The Rumor That's Hard to Ignore
For a while now, whispers about OpenAI's hardware ambitions have been floating around — earbuds here, a mystery device there. But a new note from well-known industry analyst Ming-Chi Kuo takes things to a genuinely interesting place: OpenAI may be developing its own smartphone, built in collaboration with chip giants MediaTek and Qualcomm, with Luxshare serving as co-design and manufacturing partner.
Kuo — the same analyst who has accurately reported on Apple hardware plans in the past — says OpenAI would develop a custom smartphone chip alongside MediaTek and Qualcomm, with Luxshare handling the manufacturing side of things. That's a serious supply chain, if it materializes.
An AI Phone That Ditches Apps Entirely
Here's where it gets really interesting. The phone, according to Kuo's note, wouldn't rely on traditional apps at all. Instead, AI agents would handle the different tasks users normally need apps for. Think about that for a second — no scrolling through a home screen, no downloading apps, no app store gatekeepers. Just an agent that figures out what you need and does it.
Right now, Apple and Google sit firmly at the center of the app ecosystem. They control the pipeline, the permissions, the system access that apps are allowed to have. That creates natural friction and real limits on what any AI-powered app can actually do on your phone today. By owning the hardware stack outright, OpenAI would be able to build AI deeply into every layer of the device — no restrictions, no middlemen.
With ChatGPT approaching a billion weekly users, the logic here is pretty clear. A hardware product that people use every single day would be a powerful way to push OpenAI's consumer reach even further.
A Broader Shift in How People Think About Phones
And honestly, OpenAI isn't alone in thinking this way. Vibe coding app makers are openly predicting a future where apps simply don't exist. Nothing CEO Carl Pei made the same call at SXSW earlier this year, saying apps will eventually disappear as AI agents take their place. So this isn't one company being contrarian — it's starting to feel like a real shift in how the industry imagines the next generation of personal devices.
Context-Aware by Design
Kuo's note describes a phone that would be built to continuously understand users' context. That's a meaningful distinction from how AI works on a standard smartphone today — where an app can only see so much of what you're doing and needs specific permissions to see more.
By owning the device itself, OpenAI would have access to far richer data about users' habits and daily patterns than any app could realistically collect through the existing iOS or Android permission model. That kind of persistent contextual awareness is really the whole premise here.
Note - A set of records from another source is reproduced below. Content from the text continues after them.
lemma separating_normal_nonpos:
  fixes D :: "('i \<Rightarrow> real) set"
  assumes "finite I" "s\<^sub>0 \<in> D" and up: "\<And>s i t. s \<in> D \<Longrightarrow> 0 \<le> t \<Longrightarrow> s(i := s i + t) \<in> D"
    and bounded: "\<And>s. s \<in> D \<Longrightarrow> (\<Sum>i\<in>I. \<mu> i * s i) \<le> b" and "i \<in> I"
  shows "\<mu> i \<le> 0"
proof (rule ccontr)
  assume "\<not> \<mu> i \<le> 0"
  define t where "t = (\<bar>b - (\<Sum>j\<in>I. \<mu> j * s\<^sub>0 j)\<bar> + 1) / \<mu> i"
  have "0 \<le> t" using \<open>\<not> \<mu> i \<le> 0\<close> unfolding t_def by simp
  have "(\<Sum>j\<in>I. \<mu> j * (s\<^sub>0(i := s\<^sub>0 i + t)) j) = (\<Sum>j\<in>I. \<mu> j * s\<^sub>0 j) + \<mu> i * t"
    using assms(1,5) by (simp add: sum.remove[of I i] algebra_simps)
  also have "\<mu> i * t = \<bar>b - (\<Sum>j\<in>I. \<mu> j * s\<^sub>0 j)\<bar> + 1"
    using \<open>\<not> \<mu> i \<le> 0\<close> unfolding t_def by simp
  finally show False
    using bounded[OF up[OF assms(2) \<open>0 \<le> t\<close>, of i]] by linarith
qed

lemma sum_squares_less_imp_abs_less:
  fixes f :: "'i \<Rightarrow> real"
  assumes "finite I" "i \<in> I" "(\<Sum>j\<in>I. (f j)\<^sup>2) < \<epsilon>\<^sup>2" "0 \<le> \<epsilon>"
  shows "\<bar>f i\<bar> < \<epsilon>"
proof -
  have "(f i)\<^sup>2 \<le> (\<Sum>j\<in>I. (f j)\<^sup>2)" by (rule member_le_sum) (use assms in auto)
  with assms(3) have "\<bar>f i\<bar>\<^sup>2 < \<epsilon>\<^sup>2" by simp
  then show ?thesis using assms(4) by (rule power2_less_imp_less)
qed

lemma sum_squares_strictly_convex:
  fixes u v :: "'i \<Rightarrow> real"
  assumes "finite I" "i\<^sub>0 \<in> I" "u i\<^sub>0 \<noteq> v i\<^sub>0" "0 < \<kappa>" "\<kappa> < 1"
  shows "(\<Sum>i\<in>I. (\<kappa> * u i + (1 - \<kappa>) * v i)\<^sup>2) < \<kappa> * (\<Sum>i\<in>I. (u i)\<^sup>2) + (1 - \<kappa>) * (\<Sum>i\<in>I. (v i)\<^sup>2)"
proof -
  have "(\<kappa> * u i + (1 - \<kappa>) * v i)\<^sup>2 = \<kappa> * (u i)\<^sup>2 + (1 - \<kappa>) * (v i)\<^sup>2 - \<kappa> * (1 - \<kappa>) * (u i - v i)\<^sup>2"
    for i by (simp add: power2_eq_square algebra_simps)
  then have "(\<Sum>i\<in>I. (\<kappa> * u i + (1 - \<kappa>) * v i)\<^sup>2)
      = \<kappa> * (\<Sum>i\<in>I. (u i)\<^sup>2) + (1 - \<kappa>) * (\<Sum>i\<in>I. (v i)\<^sup>2) - \<kappa> * (1 - \<kappa>) * (\<Sum>i\<in>I. (u i - v i)\<^sup>2)"
    by (simp add: sum.distrib sum_subtractf sum_distrib_left)
  moreover have "0 < (\<Sum>i\<in>I. (u i - v i)\<^sup>2)"
  proof -
    have "0 < (u i\<^sub>0 - v i\<^sub>0)\<^sup>2" using assms(3) by simp
    also have "\<dots> \<le> (\<Sum>i\<in>I. (u i - v i)\<^sup>2)" by (rule member_le_sum) (use assms(1,2) in auto)
    finally show ?thesis .
  qed
  ultimately show ?thesis using assms(4,5) by simp
qed

lemma sum_remove_shift:
  fixes \<nu> w :: "'a \<Rightarrow> real"
  assumes "finite A" "\<beta> \<in> A" "(\<Sum>\<alpha>\<in>A. \<nu> \<alpha>) = 0"
  shows "(\<Sum>\<alpha>\<in>A. \<nu> \<alpha> * w \<alpha>) = (\<Sum>\<alpha>\<in>A - {\<beta>}. \<nu> \<alpha> * (w \<alpha> - w \<beta>))"
proof -
  have "(\<Sum>\<alpha>\<in>A. \<nu> \<alpha> * w \<alpha>) = (\<Sum>\<alpha>\<in>A. \<nu> \<alpha> * (w \<alpha> - w \<beta>)) + w \<beta> * (\<Sum>\<alpha>\<in>A. \<nu> \<alpha>)"
    by (simp add: algebra_simps sum.distrib sum_subtractf sum_distrib_left)
  also have "\<dots> = (\<Sum>\<alpha>\<in>A - {\<beta>}. \<nu> \<alpha> * (w \<alpha> - w \<beta>))"
    using assms by (simp add: sum.remove)
  finally show ?thesis .
qed

lemma sum_exp_factor:
  fixes c w :: "'a \<Rightarrow> real"
  assumes "finite A" "\<beta> \<in> A"
  shows "(\<Sum>\<alpha>\<in>A. c \<alpha> * exp (w \<alpha>)) = exp (w \<beta>) * (c \<beta> + (\<Sum>\<alpha>\<in>A - {\<beta>}. c \<alpha> * exp (w \<alpha> - w \<beta>)))"
proof -
  have "(\<Sum>\<alpha>\<in>A - {\<beta>}. c \<alpha> * exp (w \<alpha>)) = exp (w \<beta>) * (\<Sum>\<alpha>\<in>A - {\<beta>}. c \<alpha> * exp (w \<alpha> - w \<beta>))"
    by (simp add: sum_distrib_left exp_diff)
  then show ?thesis using sum.remove[OF assms, of "\<lambda>\<alpha>. c \<alpha> * exp (w \<alpha>)"] by (simp add: algebra_simps)
qed

section \<open>The support function of the exponents\<close>

definition sigmaA :: "'a::euclidean_space set \<Rightarrow> 'a set \<Rightarrow> ('a \<Rightarrow> real) \<Rightarrow> ereal" where
  "sigmaA X A \<nu> = supp_fun X (- Amul A \<nu>)"

text \<open>The value \<open>\<phi>\<^sub>\<nu>(y)\<close> of the functional form; \<open>real_of_ereal\<close> makes it \<open>y\<cdot>\<nu>\<close> when \<open>\<sigma>\<close> is infinite.\<close>
definition phi_at :: "'a::euclidean_space set \<Rightarrow> 'a set \<Rightarrow> ('a \<Rightarrow> real) \<Rightarrow> ('a \<Rightarrow> real) \<Rightarrow> real" where
  "phi_at X A y \<nu> = (\<Sum>\<alpha>\<in>A. y \<alpha> * \<nu> \<alpha>) + real_of_ereal (sigmaA X A \<nu>)"
(* Let $P$ be a $\Sigma$-repeatable online minimization problem and let $c$ be a constant. Suppose that for every $\varepsilon>0$ and every $\alpha$ there exists an input distribution $p_{\alpha,\varepsilon}$ over $P$-inputs with finite support such that $\mathbb{E}_{\sigma\sim p_{\alpha,\varepsilon}}[D(\sigma)]\geq (c-\varepsilon)\,\mathbb{E}_{\sigma\sim p_{\alpha,\varepsilon}}[\mathrm{OPT}(\sigma)]+\alpha$ for every deterministic $P$-algorithm $D$ without advice. Then every randomized $P$-algorithm reading at most $o(n)$ bits of advice on inputs of length $n$ has a competitive ratio of at least $c$.
   Context: Online minimization problems and advice: an input is $\sigma=(s,x_1,\dots,x_n)$ consisting of an initial state $s$ (known before the first request, not counted as a request) and $n$ requests; $n$ is the length. A deterministic online algorithm with advice computes answers $y_1,\dots,y_n$, where $y_i$ is computed from the content $\varphi$ of an infinite advice tape (prepared by an oracle that knows the whole input), $s$ and $x_1,\dots,x_i$; each $y_i$ must lie in a nonempty set of valid answers. Its advice complexity $b(n)$ is the largest number of advice bits read over all inputs of length at most $n$. $\mathrm{ALG}(\sigma)$ denotes the non-negative real cost of the output, $\mathrm{OPT}(\sigma)$ the optimal offline cost. A randomized algorithm with advice complexity $b(n)$ is a probability distribution over deterministic algorithms with advice complexity at most $b(n)$. An algorithm $R$ is $c$-competitive if there is a constant $\alpha$ (not depending on the input, including its initial state) with $\mathbb{E}[R(\sigma)]\leq c\,\mathrm{OPT}(\sigma)+\alpha$ for all inputs $\sigma$; "competitive ratio at least $c$" means it is not $c'$-competitive for any $c'<c$. Repeated problem: for $P$-inputs $\sigma_1,\dots,\sigma_r$ with the same initial state $s$, $(\sigma_1;\dots;\sigma_r)$ is the sequence of all their requests concatenated, where the first request of each $\sigma_i$ is marked (it arrives together with $s$) so the algorithm knows when a new round starts. $P^*_\Sigma$ is the online problem whose inputs are all such sequences ($r\geq1$); an algorithm must output, for each round $i$, a valid sequence of $P$-answers $\gamma_i$ for $\sigma_i$ (it remembers all previous rounds), and the cost is $\sum_{i=1}^r \mathrm{cost}_P(\gamma_i,\sigma_i)$; $\mathrm{OPT}^*_\Sigma$ is its optimal offline algorithm. Let $I$, $I^*$ be the sets of inputs of $P$, $P^*_\Sigma$. $P$ is $\Sigma$-repeatable (with parameters $k_1,k_2,k_3\geq 0$) if every fixed $P$-input has only finitely many valid outputs and there is a map $g:I^*\to I$ such that for every $\sigma^*\in I^*$ with $r$ rounds: (1) $|g(\sigma^* )|\leq|\sigma^*|+k_1r$; (2) for every deterministic $P$-algorithm $\mathrm{ALG}$ there is a deterministic $P^*_\Sigma$-algorithm $\mathrm{ALG}^*$ with $\mathrm{ALG}^*(\sigma^* )\leq\mathrm{ALG}(g(\sigma^* ))+k_2r$ for all $\sigma^*$; (3) $\mathrm{OPT}^*_\Sigma(\sigma^* )\geq\mathrm{OPT}(g(\sigma^* ))-k_3r$. *)

theory Defs
  imports "HOL-Probability.Probability" "HOL-Library.Landau_Symbols"
begin

text \<open>
  An online minimization problem P is given by
   I :: ('s \<times> 'x list) set       -- its inputs (initial state, list of requests),
   V :: input \<Rightarrow> nat \<Rightarrow> 'y set   -- the set of valid answers for the i-th request (0-based),
   C :: input \<Rightarrow> 'y list \<Rightarrow> real  -- the cost of an output on an input.
\<close>

type_synonym ('s, 'x) inp = "'s \<times> 'x list"

definition valid_out :: "(('s,'x) inp \<Rightarrow> nat \<Rightarrow> 'y set) \<Rightarrow> ('s,'x) inp \<Rightarrow> 'y list \<Rightarrow> bool" where
  "valid_out V \<sigma> ys \<longleftrightarrow> length ys = length (snd \<sigma>) \<and> (\<forall>i<length ys. ys ! i \<in> V \<sigma> i)"

definition online_problem ::
  "('s,'x) inp set \<Rightarrow> (('s,'x) inp \<Rightarrow> nat \<Rightarrow> 'y set) \<Rightarrow> (('s,'x) inp \<Rightarrow> 'y list \<Rightarrow> real) \<Rightarrow> bool" where
  "online_problem I V C \<longleftrightarrow>
     (\<forall>\<sigma>\<in>I. \<forall>i<length (snd \<sigma>). V \<sigma> i \<noteq> {}) \<and>
     (\<forall>\<sigma>\<in>I. \<forall>ys. valid_out V \<sigma> ys \<longrightarrow> 0 \<le> C \<sigma> ys)"

definition OPT :: "(('s,'x) inp \<Rightarrow> nat \<Rightarrow> 'y set) \<Rightarrow> (('s,'x) inp \<Rightarrow> 'y list \<Rightarrow> real) \<Rightarrow> ('s,'x) inp \<Rightarrow> real" where
  "OPT V C \<sigma> = Inf {C \<sigma> ys | ys. valid_out V \<sigma> ys}"

text \<open>A deterministic online algorithm (without advice): the answer to the last request of the
  given prefix, computed from the initial state and the requests seen so far.\<close>
definition run_det :: "('s \<Rightarrow> 'x list \<Rightarrow> 'y) \<Rightarrow> ('s,'x) inp \<Rightarrow> 'y list" where
  "run_det D \<sigma> = map (\<lambda>i. D (fst \<sigma>) (take (Suc i) (snd \<sigma>))) [0..<length (snd \<sigma>)]"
To handle everything efficiently, Kuo says the company plans to use a combination of small on-device models and cloud-based models, routing different types of requests to wherever they can be handled best.
Timeline: When Could This Actually Happen?
Don't hold your breath for an imminent launch. According to Kuo, the smartphone's specifications and component suppliers are expected to be locked in by the end of this year or in the first quarter of 2027. Mass production, if everything goes to plan, would kick off in 2028.
That timeline sits alongside OpenAI's more immediate hardware news. OpenAI's Chief Global Affairs Officer Chris Lehane confirmed earlier this year that the company is on track to announce its first hardware product in the second half of 2026 — widely expected to be earbuds, not a phone. So the smartphone, if real, is a longer-term play.
OpenAI hasn't commented on Kuo's report.